We previously reported that the D10A and G123A substitution mutants are strongly dominant-negative over wild-type TraR and that when co-expressed the two mutant alleles complement one another (Qin et al., 2004a), suggesting that both Patch I and Patch II are essential for activation. Consistent with this hypothesis, substitution mutations at all of the N-terminal PC residues contributing to the formation of these two patches exhibit dominant negativity (Table 3). Conversely, all of the C-terminal PC mutants were recessive when co-expressed with the wild-type TraR. These results suggest that Patches I and II, partially formed and exclusively formed by N-terminal PC residues respectively, are important for activation. However, the data suggest that Patch III, which is formed exclusively by C-terminal PC residues from the extended protomer, is not required for activation (Fig. 1C; Fig. 6A-3).

Figure 6.

Regions of TraR involved in interactions with components of RNA polymerase. Views 1-5 show locations of PC residues on the lateral faces while View 6 shows locations of residues on the top surface of TraR that play roles in interaction with the α (A) and σ⁷⁰-subunits (B) of RNAP. Residues predicted to play structural roles, and those that form the ear structures in the C-terminal domains are shown in Views 2-4 of Panel A and View 2 of Panel B as indicated. In Panel A, View 3 is the back view of View 2 to indicate the difference of location of PC residues between the two protomers of a TraR dimer. The remaining PC residues colored in red and the Class I-specific PC residues colored in yellow, are shown in Views 5-6 of Panel A and View 3 of Panel B. Regions of TraR important for interactions with the C-terminal domain of RpoA_At at a Class I promoter, or with αCTD and RpoD_At at Class II promoters are circled and labeled as αCTD-Class I, αCTD-Class II and σ⁷⁰-Class II respectively. The compact protomer is shown in purple while the extended protomer is shown in green. For each protomer, N-terminal residues are shown in a darker hue.
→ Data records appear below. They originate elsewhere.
(* Let $s$ and $K$ be probability densities with respect to Lebesgue measure on $\mathbb{R}$, $w>0$, $K_w(y)=w^{-1}K(w^{-1}y)$ and $(K^2)_w(y)=w^{-1}K^2(w^{-1}y)$. Let $X_1,\dots,X_n$ be i.i.d. with density $s$, $P_n=n^{-1}\sum_{i=1}^n\delta_{X_i}$, so that $(K_w\ast P_n)(x)=n^{-1}\sum_{i=1}^nK_w(x-X_i)$, and let $A_w=\{x\in\mathbb{R}:(K_w\ast s)(x)>0\}$. Then: (i) \[ \mathbb{E}_s\left[\left\|\sqrt{K_w\ast P_n}-\sqrt{K_w\ast s}\right\|^2\right]\le\frac{1}{nw}\int_{A_w}\frac{((K^2)_w\ast s)(x)}{(K_w\ast s)(x)}\,dx. \] (ii) If $s$ is supported on an interval of finite length $2L$, then \[ \mathbb{E}_s\left[\left\|\sqrt{K_w\ast P_n}-\sqrt{K_w\ast s}\right\|^2\right]\le\frac{1}{nw}\int\sup_{-L\le z\le L}K\left(\frac{x-z}{w}\right)dx. \] (iii) If $K$ is bounded, nondecreasing on $(-\infty,M_1)$ and nonincreasing on $(M_2,+\infty)$ with $M_1\le M_2$, then \[ \int\sup_{-L\le z\le L}K\left(\frac{x-z}{w}\right)dx\le2L\|K\|_\infty+w\left[(M_2-M_1)\|K\|_\infty+\int_{-\infty}^{M_1}K(x)\,dx+\int_{M_2}^{\infty}K(x)\,dx\right]. \] (iv) In particular, if $s$ is supported on an interval of length $2L$ and $K$ is bounded and unimodal, then \[ \mathbb{E}_s\left[\left\|\sqrt{K_w\ast P_n}-\sqrt{K_w\ast s}\right\|^2\right]\le\frac{2L\|K\|_\infty}{nw}+\frac1n. \]
   Context: $\|\cdot\|$ is the $\mathbb{L}_2$-norm with respect to Lebesgue measure and $\ast$ denotes convolution; $\mathbb{E}_s$ is expectation when the $X_i$ have density $s$. *)

theory Defs
  imports "HOL-Probability.Probability"
begin

definition is_density :: "(real \<Rightarrow> real) \<Rightarrow> bool" where
  "is_density f \<longleftrightarrow> f \<in> borel_measurable borel \<and> (\<forall>x. 0 \<le> f x)
     \<and> (\<integral>\<^sup>+ x. ennreal (f x) \<partial>lborel) = 1"

definition scaled :: "(real \<Rightarrow> real) \<Rightarrow> real \<Rightarrow> real \<Rightarrow> real" where
  "scaled K w y = K (y / w) / w"

definition conv :: "(real \<Rightarrow> real) \<Rightarrow> (real \<Rightarrow> real) \<Rightarrow> real \<Rightarrow> ennreal" where
  "conv f g x = (\<integral>\<^sup>+ y. ennreal (f (x - y) * g y) \<partial>lborel)"

definition emp_conv :: "(real \<Rightarrow> real) \<Rightarrow> real \<Rightarrow> nat \<Rightarrow> (nat \<Rightarrow> real) \<Rightarrow> real \<Rightarrow> real" where
  "emp_conv K w n X x = (\<Sum>i<n. scaled K w (x - X i)) / real n"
Clearly, the N-terminal domain of TraR is indispensable for activation function, a conclusion consistent with our analysis of N-terminal deletion derivatives (Qin et al., 2000; Luo et al., 2003) as well as a co-published study of TraR_Oct (Costa et al., 2009). The requirement for specific N-terminal residues of both protomers for activation could explain our inability to isolate N-terminal truncated mutants of TraR that retain activity (Luo and Farrand, 1999). Given that such N-terminal deletion mutants of both LuxR and LasR retain the ability to activate (Choi and Greenberg, 1991; Kiratisin et al., 2002), our results suggest that TraR and other members of the LuxR family may differ in how they interact with RNA polymerase to activate transcription (Nasser and Reverchon, 2007). Alternatively, the N-terminal deletion mutants of LuxR and LasR may activate transcription by a mechanism different from that of the full-sized proteins (see Finney et al., 2002).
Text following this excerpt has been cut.